WHERE activity_embedding IS NOT NULL
AND average_heart_rate < 130
AND average_heart_rate > 90
AND elapsed_time_2 > 2400
AND activity_type IN ('Run','Hike','Walk','Ride')
ORDER BY distance ASC
FETCH FIRST 8 ROWS ONLY🎯 RAG-Enhanced Answer
Your vector store didn’t even hesitate — every single result is a hike. Not a run, not a bike ride. Hiking is your outdoor recovery activity of choice, and your data proves it consistently delivers HR 98-127 across sessions ranging from 52 minutes to over 3 hours.
A few of your own descriptions say it all:
- “Beautiful, easy…just long.” — 10 Nov 2021, 128 min, HR 105
- “Nice, easy hike….hard one up for tomorrow” — 12 Aug 2019, 131 min, HR 108
- “Kids actually had fun this time” — 5 Jun 2021, HR 104
- “Washington and Jefferson’s backyard 🇺🇸” — 4 Jul 2021, HR 98, 151 min
And then there’s the chaotic one: “4 miles turned into 7.5, oops” — June 2024, 190 minutes, 7.5 miles, 254ft elevation, 1,659 cal.

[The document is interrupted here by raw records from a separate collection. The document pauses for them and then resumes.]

(* Let $\Omega\subset\mathbb{R}^d$, let $y:\Omega\to\mathbb{R}^m$ be a forward model, let $\pi(p)$ be a prior probability density on $\Omega$, let $y^m\in\mathbb{R}^m$, and let $\Sigma\in\mathbb{R}^{m\times m}$ be symmetric positive definite. Define $\pi(y^m\mid p)=(2\pi)^{-m/2}\det(\Sigma^2)^{-1/2}\exp(-\tfrac12\|y^m-y(p)\|_{\Sigma^{-2}}^2)$, $\pi(y^m)=\int_\Omega\pi(p)\pi(y^m\mid p)\,dp$, and $\pi(p\mid y^m)=\pi(p)\pi(y^m\mid p)/\pi(y^m)$. Let $\bar y:\Omega\to\mathbb{R}^m$ and $\Gamma:\Omega\to\mathbb{R}^{m\times m}$ (with $\Gamma(p)$ symmetric positive semidefinite) be the surrogate predictive mean and covariance, $L_{\mathcal D}(p)=(2\pi)^{-m/2}\det(\Sigma^2+\Gamma(p))^{-1/2}\exp(-\tfrac12\|y^m-\bar y(p)\|_{(\Sigma^2+\Gamma(p))^{-1}}^2)$, $\pi_{\mathcal D}(y^m)=\int_\Omega\pi(p)L_{\mathcal D}(p)\,dp$, and $\pi(p\mid y^m,\mathcal D)=\pi(p)L_{\mathcal D}(p)/\pi_{\mathcal D}(y^m)$. Assume $\pi_{\mathcal D}(y^m)\le\alpha\,\pi(y^m)$ for some $\alpha<\infty$. Let $\phi(a,b)=\tfrac12a+b\sqrt a$ and $$\psi(y^m,p)=\tfrac12\operatorname{tr}\big(\Sigma^{-2}\Gamma(p)\big)+\phi\Big(\|\bar y(p)-y(p)\|_{\Sigma^{-2}}^2,\ \|y^m-y(p)\|_{\Sigma^{-2}}\Big)+\log\alpha.$$ Then $$\int_\Omega\pi(p\mid y^m)\,\|y(p)-\bar y(p)\|_2^2\,dp\le\int_\Omega\pi(p\mid y^m,\mathcal D)\,\|y(p)-\bar y(p)\|_2^2\exp\big(\psi(y^m,p)\big)\,dp.$$
   Context: For a symmetric positive definite matrix $M$, $\|x\|_M=\sqrt{x^TMx}$; $\|\cdot\|_2$ is the Euclidean norm. The left-hand side is the posterior-weighted squared $L^2$ distance $\|y-\bar y\|^2_{L^2(\Omega;\pi(\cdot\mid y^m))}$. *)

theory Defs
  imports "HOL-Analysis.Analysis"
begin

definition wnorm :: "real^'m^'m \<Rightarrow> real^'m \<Rightarrow> real" where
  "wnorm M x = sqrt (x \<bullet> (M *v x))"
(* Let $\mathscr A$ be an infinite dimensional abelian von Neumann algebra. Then there exist positive invertible operators in $\mathscr A$ that are not (complex) linear combinations of finitely many projections of $\mathscr A$. *)

theory Defs
  imports Complex_Main
begin

text \<open>There is no theory of complex Hilbert spaces in the available libraries, so we
  axiomatise a complex Hilbert space structure on an additive group 'a by a complex
  scalar multiplication sm and a complex inner product ip (linear in the second,
  conjugate linear in the first argument).\<close>

definition cnorm :: "('a \<Rightarrow> 'a \<Rightarrow> complex) \<Rightarrow> 'a \<Rightarrow> real" where
  "cnorm ip x = sqrt (Re (ip x x))"

definition complex_hilbert_space ::
  "(complex \<Rightarrow> 'a::ab_group_add \<Rightarrow> 'a) \<Rightarrow> ('a \<Rightarrow> 'a \<Rightarrow> complex) \<Rightarrow> bool" where
  "complex_hilbert_space sm ip \<longleftrightarrow>
     (\<forall>a x y. sm a (x + y) = sm a x + sm a y) \<and>
     (\<forall>a b x. sm (a + b) x = sm a x + sm b x) \<and>
     (\<forall>a b x. sm a (sm b x) = sm (a * b) x) \<and>
     (\<forall>x. sm 1 x = x) \<and>
     (\<forall>x y z. ip x (y + z) = ip x y + ip x z) \<and>
     (\<forall>a x y. ip x (sm a y) = a * ip x y) \<and>
     (\<forall>x y. ip y x = cnj (ip x y)) \<and>
     (\<forall>x. Im (ip x x) = 0 \<and> Re (ip x x) \<ge> 0) \<and>
     (\<forall>x. ip x x = 0 \<longrightarrow> x = 0) \<and>
     (\<forall>X::nat \<Rightarrow> 'a.
        (\<forall>e>0. \<exists>N. \<forall>m\<ge>N. \<forall>n\<ge>N. cnorm ip (X m - X n) < e) \<longrightarrow>
        (\<exists>L. \<forall>e>0. \<exists>N. \<forall>n\<ge>N. cnorm ip (X n - L) < e))"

That one has your personality written all over it.
My RAG-enhanced recommendation for Sunday:
Easy Trail Hike — 2 to 2.5 hours
- Target HR: stay under 125 the whole time
- Distance: 4-5 miles with some gentle elevation (100-200ft) — enough to feel it, not enough to spike HR
- No pace target. Stop and look at things.
- Bring the family if they’re willing — your data shows you’ve done it, and at least once the kids had fun
My personal data gets real
I’m a big guy, significantly over 200lbs. So whenever I run, even when it’s not fast, it is never a relaxing or recovery-minded activity. My data demonstrates this, and that allowed the Agent to make a much better suggestion, FOR ME.
That’s really the benefit of RAG. Let’s help the LLM out with some facts, some background information, some flavor of what the real scenario is – with the data we already have in our (Oracle!) database. And I don’t need to copy it out to another vector specialized database, BECAUSE our Oracle AI Database already supports all the VECTOR features.
Wrapping things up with a skill
I’m going to probably be using this for real, so it would be nice to not have to go through the effort of teaching my agent how or what we did here, ever again. Just have it ‘do the needful.’
So to wrap up the chat session, I told it to generate a new skill based off our task, and auto-add it to it’s configuration.